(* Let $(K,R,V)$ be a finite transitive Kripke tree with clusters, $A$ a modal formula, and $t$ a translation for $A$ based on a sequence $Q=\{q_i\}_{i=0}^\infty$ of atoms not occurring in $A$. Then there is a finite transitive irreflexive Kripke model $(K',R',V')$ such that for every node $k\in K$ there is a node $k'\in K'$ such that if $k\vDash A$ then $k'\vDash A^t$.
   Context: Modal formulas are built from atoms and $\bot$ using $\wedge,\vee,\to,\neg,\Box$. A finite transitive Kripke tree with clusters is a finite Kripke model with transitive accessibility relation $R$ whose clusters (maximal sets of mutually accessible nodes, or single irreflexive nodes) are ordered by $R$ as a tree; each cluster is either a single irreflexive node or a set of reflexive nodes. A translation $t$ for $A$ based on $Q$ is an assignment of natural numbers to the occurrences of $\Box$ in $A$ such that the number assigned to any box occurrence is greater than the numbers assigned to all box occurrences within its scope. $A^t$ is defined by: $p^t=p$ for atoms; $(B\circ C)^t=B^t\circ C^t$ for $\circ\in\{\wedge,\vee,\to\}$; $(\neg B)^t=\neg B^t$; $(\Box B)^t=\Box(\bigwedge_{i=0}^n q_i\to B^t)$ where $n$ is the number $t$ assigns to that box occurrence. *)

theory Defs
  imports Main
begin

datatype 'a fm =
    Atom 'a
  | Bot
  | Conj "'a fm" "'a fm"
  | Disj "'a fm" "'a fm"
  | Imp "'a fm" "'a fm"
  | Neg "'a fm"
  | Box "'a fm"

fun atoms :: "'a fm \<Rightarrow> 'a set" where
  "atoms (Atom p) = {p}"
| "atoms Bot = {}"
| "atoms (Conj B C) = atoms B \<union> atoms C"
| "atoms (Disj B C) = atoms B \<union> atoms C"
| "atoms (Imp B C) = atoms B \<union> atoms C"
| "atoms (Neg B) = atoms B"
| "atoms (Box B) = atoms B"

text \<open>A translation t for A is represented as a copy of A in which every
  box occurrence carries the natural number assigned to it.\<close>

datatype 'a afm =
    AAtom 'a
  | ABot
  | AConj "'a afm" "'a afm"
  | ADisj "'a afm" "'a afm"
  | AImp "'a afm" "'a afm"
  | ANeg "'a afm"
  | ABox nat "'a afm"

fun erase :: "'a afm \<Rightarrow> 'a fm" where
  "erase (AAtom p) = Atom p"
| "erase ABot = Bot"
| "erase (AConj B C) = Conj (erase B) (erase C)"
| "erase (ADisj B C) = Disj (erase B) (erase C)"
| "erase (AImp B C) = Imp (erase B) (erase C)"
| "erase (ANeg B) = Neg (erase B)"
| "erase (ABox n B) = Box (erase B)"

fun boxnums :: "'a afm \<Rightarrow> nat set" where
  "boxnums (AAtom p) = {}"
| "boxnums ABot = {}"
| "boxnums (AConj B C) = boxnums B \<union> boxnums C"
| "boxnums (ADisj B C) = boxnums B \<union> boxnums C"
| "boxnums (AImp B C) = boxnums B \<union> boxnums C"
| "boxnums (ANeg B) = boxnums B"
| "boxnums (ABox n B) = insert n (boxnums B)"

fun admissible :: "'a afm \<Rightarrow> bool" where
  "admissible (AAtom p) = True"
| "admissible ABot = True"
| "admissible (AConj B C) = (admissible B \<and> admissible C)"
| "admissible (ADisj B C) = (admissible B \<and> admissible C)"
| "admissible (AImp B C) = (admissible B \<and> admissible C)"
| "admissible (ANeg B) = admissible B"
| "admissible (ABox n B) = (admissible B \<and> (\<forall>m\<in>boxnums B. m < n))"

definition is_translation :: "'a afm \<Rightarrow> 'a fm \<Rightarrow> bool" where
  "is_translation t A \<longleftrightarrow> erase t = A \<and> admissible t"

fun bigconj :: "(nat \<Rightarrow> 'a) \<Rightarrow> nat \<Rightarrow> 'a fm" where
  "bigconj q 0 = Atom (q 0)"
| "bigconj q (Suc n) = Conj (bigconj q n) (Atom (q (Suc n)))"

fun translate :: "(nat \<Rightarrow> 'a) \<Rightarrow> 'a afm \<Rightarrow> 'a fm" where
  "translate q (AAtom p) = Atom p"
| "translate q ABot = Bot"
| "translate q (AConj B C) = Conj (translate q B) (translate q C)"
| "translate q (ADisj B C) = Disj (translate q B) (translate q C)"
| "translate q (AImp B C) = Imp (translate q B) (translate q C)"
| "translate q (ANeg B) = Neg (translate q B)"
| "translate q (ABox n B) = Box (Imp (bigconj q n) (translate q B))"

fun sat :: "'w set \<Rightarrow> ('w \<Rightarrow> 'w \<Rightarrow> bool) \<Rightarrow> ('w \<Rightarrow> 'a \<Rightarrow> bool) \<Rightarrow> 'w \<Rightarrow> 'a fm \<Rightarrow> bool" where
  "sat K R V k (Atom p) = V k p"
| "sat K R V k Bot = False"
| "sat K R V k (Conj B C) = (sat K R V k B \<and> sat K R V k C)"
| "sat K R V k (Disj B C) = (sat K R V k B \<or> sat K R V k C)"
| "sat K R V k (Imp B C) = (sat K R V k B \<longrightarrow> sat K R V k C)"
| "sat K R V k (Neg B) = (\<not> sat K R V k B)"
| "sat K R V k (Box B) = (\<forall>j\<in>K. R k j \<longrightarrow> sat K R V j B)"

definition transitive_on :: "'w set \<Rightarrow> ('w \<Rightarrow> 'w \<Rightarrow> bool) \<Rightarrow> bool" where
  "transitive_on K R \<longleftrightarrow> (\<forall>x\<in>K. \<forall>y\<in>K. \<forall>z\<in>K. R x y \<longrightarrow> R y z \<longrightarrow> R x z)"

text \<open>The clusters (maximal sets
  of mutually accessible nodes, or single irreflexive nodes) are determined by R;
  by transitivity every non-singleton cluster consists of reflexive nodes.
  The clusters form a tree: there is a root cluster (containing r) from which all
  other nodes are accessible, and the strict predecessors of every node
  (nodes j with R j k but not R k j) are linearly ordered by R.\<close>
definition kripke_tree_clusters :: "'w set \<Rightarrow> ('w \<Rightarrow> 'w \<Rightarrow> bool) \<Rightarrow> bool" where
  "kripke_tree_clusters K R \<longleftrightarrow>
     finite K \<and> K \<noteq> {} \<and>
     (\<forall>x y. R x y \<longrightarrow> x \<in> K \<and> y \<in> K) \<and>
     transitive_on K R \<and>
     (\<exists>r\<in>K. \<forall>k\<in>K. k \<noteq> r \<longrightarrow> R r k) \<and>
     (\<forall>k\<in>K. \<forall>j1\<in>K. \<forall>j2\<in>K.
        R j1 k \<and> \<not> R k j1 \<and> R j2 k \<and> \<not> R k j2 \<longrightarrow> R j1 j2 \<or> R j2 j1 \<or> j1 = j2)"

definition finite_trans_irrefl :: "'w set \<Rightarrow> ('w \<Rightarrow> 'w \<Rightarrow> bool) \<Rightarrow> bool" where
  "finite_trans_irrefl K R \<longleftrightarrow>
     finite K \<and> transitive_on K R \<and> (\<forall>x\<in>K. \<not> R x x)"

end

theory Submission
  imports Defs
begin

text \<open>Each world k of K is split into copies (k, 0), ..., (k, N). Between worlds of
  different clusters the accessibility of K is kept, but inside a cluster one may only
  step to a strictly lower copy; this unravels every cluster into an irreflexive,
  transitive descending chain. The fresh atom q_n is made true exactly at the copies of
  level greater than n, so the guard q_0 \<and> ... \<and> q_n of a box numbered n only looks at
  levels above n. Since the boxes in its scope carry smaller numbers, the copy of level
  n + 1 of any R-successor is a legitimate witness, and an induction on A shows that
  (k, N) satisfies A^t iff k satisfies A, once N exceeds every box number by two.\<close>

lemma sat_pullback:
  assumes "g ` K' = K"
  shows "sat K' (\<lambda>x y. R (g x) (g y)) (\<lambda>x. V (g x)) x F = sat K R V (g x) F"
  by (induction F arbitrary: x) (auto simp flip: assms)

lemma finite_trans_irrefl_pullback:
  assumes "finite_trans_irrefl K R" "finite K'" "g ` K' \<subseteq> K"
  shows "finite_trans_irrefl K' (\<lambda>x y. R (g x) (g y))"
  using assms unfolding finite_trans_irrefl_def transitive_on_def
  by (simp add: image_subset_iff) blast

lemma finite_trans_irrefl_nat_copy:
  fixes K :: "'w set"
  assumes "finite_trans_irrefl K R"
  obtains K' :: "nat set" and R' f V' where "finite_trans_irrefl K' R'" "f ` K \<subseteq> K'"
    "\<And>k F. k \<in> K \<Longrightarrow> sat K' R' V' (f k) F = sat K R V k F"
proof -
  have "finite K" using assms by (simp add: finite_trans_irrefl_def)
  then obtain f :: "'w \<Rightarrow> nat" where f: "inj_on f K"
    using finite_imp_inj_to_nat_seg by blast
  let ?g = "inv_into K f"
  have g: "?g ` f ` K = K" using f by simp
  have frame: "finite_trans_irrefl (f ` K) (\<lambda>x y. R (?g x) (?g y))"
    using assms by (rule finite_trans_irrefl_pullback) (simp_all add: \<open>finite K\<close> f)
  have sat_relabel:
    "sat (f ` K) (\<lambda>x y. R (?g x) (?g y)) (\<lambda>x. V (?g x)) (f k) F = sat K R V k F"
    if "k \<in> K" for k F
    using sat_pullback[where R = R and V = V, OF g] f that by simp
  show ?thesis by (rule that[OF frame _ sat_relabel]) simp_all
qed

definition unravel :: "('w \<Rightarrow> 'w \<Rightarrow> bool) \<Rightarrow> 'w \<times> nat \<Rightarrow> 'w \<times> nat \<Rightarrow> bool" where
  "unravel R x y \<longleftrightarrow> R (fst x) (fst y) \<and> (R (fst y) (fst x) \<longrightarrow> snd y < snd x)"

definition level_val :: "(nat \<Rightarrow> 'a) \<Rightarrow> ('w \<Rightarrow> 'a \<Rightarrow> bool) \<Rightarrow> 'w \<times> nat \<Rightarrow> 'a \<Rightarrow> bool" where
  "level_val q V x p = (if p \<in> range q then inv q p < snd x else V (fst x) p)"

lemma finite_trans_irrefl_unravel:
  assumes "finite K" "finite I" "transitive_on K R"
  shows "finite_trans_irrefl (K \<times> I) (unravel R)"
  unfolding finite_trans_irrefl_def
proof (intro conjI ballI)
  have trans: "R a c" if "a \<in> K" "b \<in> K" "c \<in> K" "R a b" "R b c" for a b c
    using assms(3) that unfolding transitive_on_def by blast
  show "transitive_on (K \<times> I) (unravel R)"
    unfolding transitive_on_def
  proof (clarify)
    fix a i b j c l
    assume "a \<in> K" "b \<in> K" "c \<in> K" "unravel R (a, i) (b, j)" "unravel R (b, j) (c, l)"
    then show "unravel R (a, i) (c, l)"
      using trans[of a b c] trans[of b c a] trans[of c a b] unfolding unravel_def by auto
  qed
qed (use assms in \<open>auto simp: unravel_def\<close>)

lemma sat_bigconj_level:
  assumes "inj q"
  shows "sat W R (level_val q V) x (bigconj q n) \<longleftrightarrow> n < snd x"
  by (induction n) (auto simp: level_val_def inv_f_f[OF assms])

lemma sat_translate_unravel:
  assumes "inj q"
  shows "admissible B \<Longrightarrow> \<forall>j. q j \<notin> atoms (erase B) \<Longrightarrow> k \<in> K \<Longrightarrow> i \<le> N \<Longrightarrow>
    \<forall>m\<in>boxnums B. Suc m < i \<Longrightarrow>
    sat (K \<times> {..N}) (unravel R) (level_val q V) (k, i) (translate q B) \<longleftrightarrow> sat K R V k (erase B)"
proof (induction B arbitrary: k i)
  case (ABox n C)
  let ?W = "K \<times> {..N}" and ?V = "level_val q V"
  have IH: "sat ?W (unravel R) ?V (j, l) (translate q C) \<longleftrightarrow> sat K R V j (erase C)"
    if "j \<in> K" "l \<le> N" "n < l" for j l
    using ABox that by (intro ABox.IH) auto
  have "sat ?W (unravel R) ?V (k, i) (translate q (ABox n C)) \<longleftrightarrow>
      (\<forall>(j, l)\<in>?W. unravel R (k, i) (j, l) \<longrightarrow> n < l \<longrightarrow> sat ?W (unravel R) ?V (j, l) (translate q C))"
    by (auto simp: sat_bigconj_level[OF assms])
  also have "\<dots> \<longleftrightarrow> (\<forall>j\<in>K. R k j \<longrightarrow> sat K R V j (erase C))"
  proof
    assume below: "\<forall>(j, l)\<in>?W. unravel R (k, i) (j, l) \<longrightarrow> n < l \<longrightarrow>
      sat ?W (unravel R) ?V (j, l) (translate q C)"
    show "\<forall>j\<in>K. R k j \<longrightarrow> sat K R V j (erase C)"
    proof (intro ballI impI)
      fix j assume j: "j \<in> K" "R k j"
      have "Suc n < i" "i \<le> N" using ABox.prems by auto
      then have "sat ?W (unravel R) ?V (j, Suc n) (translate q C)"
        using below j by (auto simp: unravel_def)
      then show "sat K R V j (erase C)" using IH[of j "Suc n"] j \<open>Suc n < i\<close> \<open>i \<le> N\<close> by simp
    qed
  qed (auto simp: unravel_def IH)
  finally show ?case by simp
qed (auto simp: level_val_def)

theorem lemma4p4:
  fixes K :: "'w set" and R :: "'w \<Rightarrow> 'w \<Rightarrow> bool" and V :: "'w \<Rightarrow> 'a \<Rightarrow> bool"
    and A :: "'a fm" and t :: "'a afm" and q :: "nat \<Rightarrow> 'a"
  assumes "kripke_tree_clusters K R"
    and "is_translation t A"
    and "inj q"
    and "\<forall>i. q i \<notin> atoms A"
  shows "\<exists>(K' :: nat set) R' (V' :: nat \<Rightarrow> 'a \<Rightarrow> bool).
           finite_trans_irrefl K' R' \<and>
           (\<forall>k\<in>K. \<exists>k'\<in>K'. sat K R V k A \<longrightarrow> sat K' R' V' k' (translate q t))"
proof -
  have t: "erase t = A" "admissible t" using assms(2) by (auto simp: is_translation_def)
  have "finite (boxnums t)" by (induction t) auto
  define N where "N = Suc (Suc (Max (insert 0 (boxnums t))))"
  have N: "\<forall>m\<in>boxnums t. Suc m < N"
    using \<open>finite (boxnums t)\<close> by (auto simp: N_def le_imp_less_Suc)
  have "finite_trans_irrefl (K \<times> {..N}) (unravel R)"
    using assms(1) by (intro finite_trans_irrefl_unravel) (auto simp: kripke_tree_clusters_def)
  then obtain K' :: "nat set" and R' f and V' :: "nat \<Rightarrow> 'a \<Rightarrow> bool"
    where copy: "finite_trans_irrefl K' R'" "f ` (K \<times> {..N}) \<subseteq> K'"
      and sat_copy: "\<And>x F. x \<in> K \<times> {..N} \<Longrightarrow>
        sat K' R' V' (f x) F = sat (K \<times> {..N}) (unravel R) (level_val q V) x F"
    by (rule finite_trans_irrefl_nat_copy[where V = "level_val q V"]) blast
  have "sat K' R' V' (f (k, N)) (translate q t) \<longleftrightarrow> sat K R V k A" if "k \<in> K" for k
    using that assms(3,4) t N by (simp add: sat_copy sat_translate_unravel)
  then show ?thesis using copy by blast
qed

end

○ ○ ○ ○ ○

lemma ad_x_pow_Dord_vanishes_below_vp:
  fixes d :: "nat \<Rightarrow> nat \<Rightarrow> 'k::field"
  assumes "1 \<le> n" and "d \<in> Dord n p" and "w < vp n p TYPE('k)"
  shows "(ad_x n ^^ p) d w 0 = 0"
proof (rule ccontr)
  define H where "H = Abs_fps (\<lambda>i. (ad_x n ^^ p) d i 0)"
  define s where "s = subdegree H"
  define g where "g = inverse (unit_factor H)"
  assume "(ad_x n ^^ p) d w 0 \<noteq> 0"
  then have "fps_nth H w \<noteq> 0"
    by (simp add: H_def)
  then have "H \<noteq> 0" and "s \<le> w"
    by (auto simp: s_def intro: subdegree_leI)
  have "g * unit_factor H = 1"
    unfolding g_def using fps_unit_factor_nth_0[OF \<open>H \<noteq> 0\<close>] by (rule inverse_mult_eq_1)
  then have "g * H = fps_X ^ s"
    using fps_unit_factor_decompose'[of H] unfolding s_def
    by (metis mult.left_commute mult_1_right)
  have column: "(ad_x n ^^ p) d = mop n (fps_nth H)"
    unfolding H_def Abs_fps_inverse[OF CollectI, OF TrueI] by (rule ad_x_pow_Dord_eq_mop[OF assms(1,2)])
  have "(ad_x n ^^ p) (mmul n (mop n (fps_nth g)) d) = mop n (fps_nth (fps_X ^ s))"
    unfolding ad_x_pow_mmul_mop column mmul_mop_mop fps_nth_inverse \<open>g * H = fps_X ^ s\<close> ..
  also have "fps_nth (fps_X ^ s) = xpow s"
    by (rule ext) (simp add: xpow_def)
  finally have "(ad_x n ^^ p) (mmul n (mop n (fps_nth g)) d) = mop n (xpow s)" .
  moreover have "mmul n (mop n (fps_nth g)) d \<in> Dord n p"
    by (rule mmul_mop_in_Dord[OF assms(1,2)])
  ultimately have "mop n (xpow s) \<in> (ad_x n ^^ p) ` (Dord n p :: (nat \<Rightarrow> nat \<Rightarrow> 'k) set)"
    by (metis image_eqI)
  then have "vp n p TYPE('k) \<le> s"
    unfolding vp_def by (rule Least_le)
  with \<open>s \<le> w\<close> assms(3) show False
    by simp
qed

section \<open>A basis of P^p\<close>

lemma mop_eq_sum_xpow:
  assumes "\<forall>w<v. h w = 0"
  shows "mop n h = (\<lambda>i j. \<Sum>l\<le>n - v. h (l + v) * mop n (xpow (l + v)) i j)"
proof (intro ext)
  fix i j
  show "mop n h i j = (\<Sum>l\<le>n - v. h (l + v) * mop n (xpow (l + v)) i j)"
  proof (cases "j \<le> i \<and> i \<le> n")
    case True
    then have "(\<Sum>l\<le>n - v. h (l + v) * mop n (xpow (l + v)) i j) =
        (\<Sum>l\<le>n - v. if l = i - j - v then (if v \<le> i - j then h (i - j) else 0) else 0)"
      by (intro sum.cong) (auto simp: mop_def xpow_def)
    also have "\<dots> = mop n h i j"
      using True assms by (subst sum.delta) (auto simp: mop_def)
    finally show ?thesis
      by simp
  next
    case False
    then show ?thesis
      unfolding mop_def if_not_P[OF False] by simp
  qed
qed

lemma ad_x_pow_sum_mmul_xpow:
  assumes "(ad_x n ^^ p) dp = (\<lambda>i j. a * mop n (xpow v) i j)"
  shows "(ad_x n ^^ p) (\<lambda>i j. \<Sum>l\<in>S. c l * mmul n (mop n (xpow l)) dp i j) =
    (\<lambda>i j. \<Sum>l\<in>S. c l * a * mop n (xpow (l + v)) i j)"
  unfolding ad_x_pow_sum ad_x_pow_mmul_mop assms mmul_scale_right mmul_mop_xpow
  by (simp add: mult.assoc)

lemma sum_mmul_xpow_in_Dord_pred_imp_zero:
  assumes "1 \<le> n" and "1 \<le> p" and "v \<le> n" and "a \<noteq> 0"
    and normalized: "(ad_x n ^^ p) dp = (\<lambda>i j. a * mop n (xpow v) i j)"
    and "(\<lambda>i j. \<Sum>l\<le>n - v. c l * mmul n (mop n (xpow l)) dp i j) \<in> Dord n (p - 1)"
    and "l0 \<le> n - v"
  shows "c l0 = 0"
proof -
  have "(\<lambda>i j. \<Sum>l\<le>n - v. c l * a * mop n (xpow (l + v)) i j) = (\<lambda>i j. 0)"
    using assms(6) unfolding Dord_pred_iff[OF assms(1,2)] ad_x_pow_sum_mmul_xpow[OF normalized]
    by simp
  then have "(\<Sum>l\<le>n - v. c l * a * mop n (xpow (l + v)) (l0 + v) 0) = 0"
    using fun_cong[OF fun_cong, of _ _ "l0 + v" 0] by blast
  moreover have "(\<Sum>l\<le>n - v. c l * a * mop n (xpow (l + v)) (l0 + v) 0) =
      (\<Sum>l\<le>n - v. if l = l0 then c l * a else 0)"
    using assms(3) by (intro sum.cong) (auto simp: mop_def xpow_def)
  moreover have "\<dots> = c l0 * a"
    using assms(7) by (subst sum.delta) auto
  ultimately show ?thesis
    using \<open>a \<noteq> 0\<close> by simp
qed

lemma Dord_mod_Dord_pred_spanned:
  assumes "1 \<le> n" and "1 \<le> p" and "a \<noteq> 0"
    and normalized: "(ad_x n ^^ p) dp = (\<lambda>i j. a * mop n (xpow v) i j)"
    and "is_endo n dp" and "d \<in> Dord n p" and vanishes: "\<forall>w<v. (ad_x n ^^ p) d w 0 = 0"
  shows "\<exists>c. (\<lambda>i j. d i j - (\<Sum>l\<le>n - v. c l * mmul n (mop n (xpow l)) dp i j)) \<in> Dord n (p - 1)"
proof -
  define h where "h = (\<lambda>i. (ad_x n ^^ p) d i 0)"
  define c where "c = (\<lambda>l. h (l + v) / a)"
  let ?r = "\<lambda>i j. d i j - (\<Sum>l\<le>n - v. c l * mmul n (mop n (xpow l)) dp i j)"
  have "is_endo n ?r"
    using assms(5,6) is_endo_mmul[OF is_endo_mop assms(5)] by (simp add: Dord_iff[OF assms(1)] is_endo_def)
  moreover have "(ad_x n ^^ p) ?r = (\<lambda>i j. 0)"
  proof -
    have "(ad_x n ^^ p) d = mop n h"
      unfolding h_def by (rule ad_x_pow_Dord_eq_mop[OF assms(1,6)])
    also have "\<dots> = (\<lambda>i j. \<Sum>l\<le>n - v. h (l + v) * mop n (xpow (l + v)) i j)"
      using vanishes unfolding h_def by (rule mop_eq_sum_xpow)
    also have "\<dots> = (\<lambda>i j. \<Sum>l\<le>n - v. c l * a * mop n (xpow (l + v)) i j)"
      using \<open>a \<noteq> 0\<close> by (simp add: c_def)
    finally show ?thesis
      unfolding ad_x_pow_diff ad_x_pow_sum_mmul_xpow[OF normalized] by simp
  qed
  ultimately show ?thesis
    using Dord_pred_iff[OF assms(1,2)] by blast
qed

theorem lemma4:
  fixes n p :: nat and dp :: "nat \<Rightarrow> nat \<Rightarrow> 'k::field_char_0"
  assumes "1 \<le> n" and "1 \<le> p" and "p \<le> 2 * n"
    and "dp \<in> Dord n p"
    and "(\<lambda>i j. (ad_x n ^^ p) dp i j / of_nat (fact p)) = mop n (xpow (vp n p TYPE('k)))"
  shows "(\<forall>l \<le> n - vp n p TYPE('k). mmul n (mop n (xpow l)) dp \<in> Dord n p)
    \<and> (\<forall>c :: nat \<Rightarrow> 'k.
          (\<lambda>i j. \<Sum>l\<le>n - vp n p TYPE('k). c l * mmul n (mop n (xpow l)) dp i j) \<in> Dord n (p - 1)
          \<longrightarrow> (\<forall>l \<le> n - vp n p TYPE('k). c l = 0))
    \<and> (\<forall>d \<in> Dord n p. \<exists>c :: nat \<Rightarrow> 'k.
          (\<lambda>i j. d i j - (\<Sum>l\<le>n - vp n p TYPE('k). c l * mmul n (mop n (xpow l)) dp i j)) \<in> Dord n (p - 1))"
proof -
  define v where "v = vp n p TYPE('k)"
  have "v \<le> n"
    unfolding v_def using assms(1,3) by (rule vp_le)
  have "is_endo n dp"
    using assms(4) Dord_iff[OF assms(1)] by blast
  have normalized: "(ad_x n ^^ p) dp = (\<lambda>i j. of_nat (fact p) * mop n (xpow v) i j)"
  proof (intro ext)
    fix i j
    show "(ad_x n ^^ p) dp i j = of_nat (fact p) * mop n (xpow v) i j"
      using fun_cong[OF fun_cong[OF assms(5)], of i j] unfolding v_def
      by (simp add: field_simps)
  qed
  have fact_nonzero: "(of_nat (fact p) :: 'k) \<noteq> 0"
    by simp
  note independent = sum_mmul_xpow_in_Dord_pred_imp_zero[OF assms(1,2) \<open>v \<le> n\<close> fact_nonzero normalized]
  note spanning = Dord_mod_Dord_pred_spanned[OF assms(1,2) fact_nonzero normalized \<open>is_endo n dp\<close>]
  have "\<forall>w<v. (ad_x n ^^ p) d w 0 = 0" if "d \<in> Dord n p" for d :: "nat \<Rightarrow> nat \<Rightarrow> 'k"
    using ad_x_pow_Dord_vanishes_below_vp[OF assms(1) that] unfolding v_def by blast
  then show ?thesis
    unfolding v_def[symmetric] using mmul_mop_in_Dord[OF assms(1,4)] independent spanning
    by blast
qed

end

○ ○ ○ ○ ○

◆ PROBLEM DESCRIPTION ◆
Count up the lines above that include the string "ANeg" and report nothing but that number.

◆ ANSWER TO THIS PROBLEM ◆
5